#### PROMPT:
Pull every line of the entries that has the word "moreover".

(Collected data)
lemma d_W_star_class_meets_every_vertex:
  assumes sg: "simple_graph V E" and conn: "induced_connected E W"
    and \<phi>: "\<phi> \<in> (\<Union>v\<in>W. S_edges E v) // d_W_star E W" and "x \<in> W"
  shows "\<exists>y. {x, y} \<in> \<phi> \<and> {x, y} \<in> (\<Union>v\<in>W. S_edges E v)"
proof -
  let ?A = "\<Union>v\<in>W. S_edges E v" and ?r = "d_W_star E W"
  obtain g where g: "g \<in> ?A" and \<phi>_eq: "\<phi> = ?r `` {g}"
    using \<phi> by (rule quotientE)
  from g obtain v where v: "v \<in> W" "g \<in> S_edges E v"
    by (rule UN_E)
  have "(v, x) \<in> {(a, b). a \<in> W \<and> b \<in> W \<and> {a, b} \<in> E}\<^sup>*"
    using conn v(1) \<open>x \<in> W\<close> unfolding induced_connected_def by simp
  then show ?thesis
  proof (induction rule: rtrancl_induct)
    case base
    obtain y where y: "{v, y} \<in> S_edges E v" "(g, {v, y}) \<in> d_restr E v"
      using S_edge_related_to_inc_edge[OF sg v(2)] .
    have "(g, {v, y}) \<in> ?r"
      using v(1) y(2) by (rule d_restr_into_d_W_star)
    then show ?case
      using \<phi>_eq y(1) v(1) by auto
  next
    case (step a z)
    then obtain y where y: "{a, y} \<in> \<phi>" "{a, y} \<in> ?A" and a: "a \<in> W" "{a, z} \<in> E"
      by auto
    show ?case
    proof (cases "y = z")
      case True
      then show ?thesis
        using y by (auto simp: insert_commute)
    next
      case False
      have "{a, y} \<in> E"
        using y(2) by (auto dest: S_edge_in_edges)
      then obtain y' where y': "{z, y'} \<in> S_edges E a" "({a, y}, {z, y'}) \<in> d_restr E a"
        using inc_edge_related_to_neighbour_edge[OF sg _ a(2) False] by blast
      have "(g, {a, y}) \<in> ?r"
        using y(1) \<phi>_eq by simp
      moreover have "({a, y}, {z, y'}) \<in> ?r"
        using a(1) y'(2) by (rule d_restr_into_d_W_star)
      ultimately have "(g, {z, y'}) \<in> ?r"
        unfolding d_W_star_def by (rule trancl_trans)
      then show ?thesis
        using \<phi>_eq y'(1) a(1) by auto
    qed
  qed
qed

lemma card_d_W_star_quotient_le_degree:
  assumes sg: "simple_graph V E" and conn: "induced_connected E W" and "x \<in> W"
  shows "card ((\<Union>v\<in>W. S_edges E v) // d_W_star E W) \<le> degree E x"
proof -
  let ?A = "\<Union>v\<in>W. S_edges E v" and ?r = "d_W_star E W"
  have "?A // ?r \<subseteq> (\<lambda>e. ?r `` {e}) ` inc_edges E x"
  proof
    fix \<phi> assume \<phi>: "\<phi> \<in> ?A // ?r"
    then obtain y where y: "{x, y} \<in> \<phi>" "{x, y} \<in> ?A"
      using d_W_star_class_meets_every_vertex[OF sg conn _ \<open>x \<in> W\<close>] by blast
    obtain g where g: "\<phi> = ?r `` {g}"
      using \<phi> by (rule quotientE)
    then have "(g, {x, y}) \<in> ?r"
      using y(1) by simp
    then have "\<phi> = ?r `` {{x, y}}"
      unfolding g by (rule equiv_class_eq[OF equiv_d_W_star])
    moreover obtain v where "{x, y} \<in> S_edges E v"
      using y(2) by blast
    then have "{x, y} \<in> inc_edges E x"
      unfolding inc_edges_def by (auto dest: S_edge_in_edges)
    ultimately show "\<phi> \<in> (\<lambda>e. ?r `` {e}) ` inc_edges E x"
      by blast
  qed
  moreover have "finite (inc_edges E x)"
    using simple_graph_finite_edges[OF sg] unfolding inc_edges_def by simp
  ultimately have "card (?A // ?r) \<le> card ((\<lambda>e. ?r `` {e}) ` inc_edges E x)"
    by (intro card_mono finite_imageI)
  also have "\<dots> \<le> degree E x"
    unfolding degree_def by (rule card_image_le) fact
  finally show ?thesis .
qed

theorem lemma3p5:
  fixes V :: "'a set" and E :: "'a set set" and W :: "'a set" and \<Delta> :: nat
  assumes "simple_graph V E"
    and "\<Delta> = max_degree V E"
    and "W \<subseteq> V"
    and "induced_connected E W"
  shows "(\<forall>\<phi> \<in> (\<Union>v\<in>W. S_edges E v) // d_W_star E W. \<forall>x\<in>W.
            \<exists>y. {x, y} \<in> \<phi> \<and> {x, y} \<in> (\<Union>v\<in>W. S_edges E v))
         \<and> card ((\<Union>v\<in>W. S_edges E v) // d_W_star E W) \<le> \<Delta>"
proof (intro conjI)
  show "\<forall>\<phi> \<in> (\<Union>v\<in>W. S_edges E v) // d_W_star E W. \<forall>x\<in>W.
          \<exists>y. {x, y} \<in> \<phi> \<and> {x, y} \<in> (\<Union>v\<in>W. S_edges E v)"
    using d_W_star_class_meets_every_vertex[OF assms(1,4)] by blast
  show "card ((\<Union>v\<in>W. S_edges E v) // d_W_star E W) \<le> \<Delta>"
  proof (cases "W = {}")
    case True
    then show ?thesis by simp
  next
    case False
    then obtain x where "x \<in> W"
      by blast
    then have "card ((\<Union>v\<in>W. S_edges E v) // d_W_star E W) \<le> degree E x"
      by (rule card_d_W_star_quotient_le_degree[OF assms(1,4)])
    also have "\<dots> \<le> \<Delta>"
      using degree_le_max_degree[OF assms(1)] \<open>x \<in> W\<close> assms(2,3) by auto
    finally show ?thesis .
  qed
qed

end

#### RESPONSE AREA:
      moreover have "({a, y}, {z, y'}) \<in> ?r"
    moreover obtain v where "{x, y} \<in> S_edges E v"
  moreover have "finite (inc_edges E x)"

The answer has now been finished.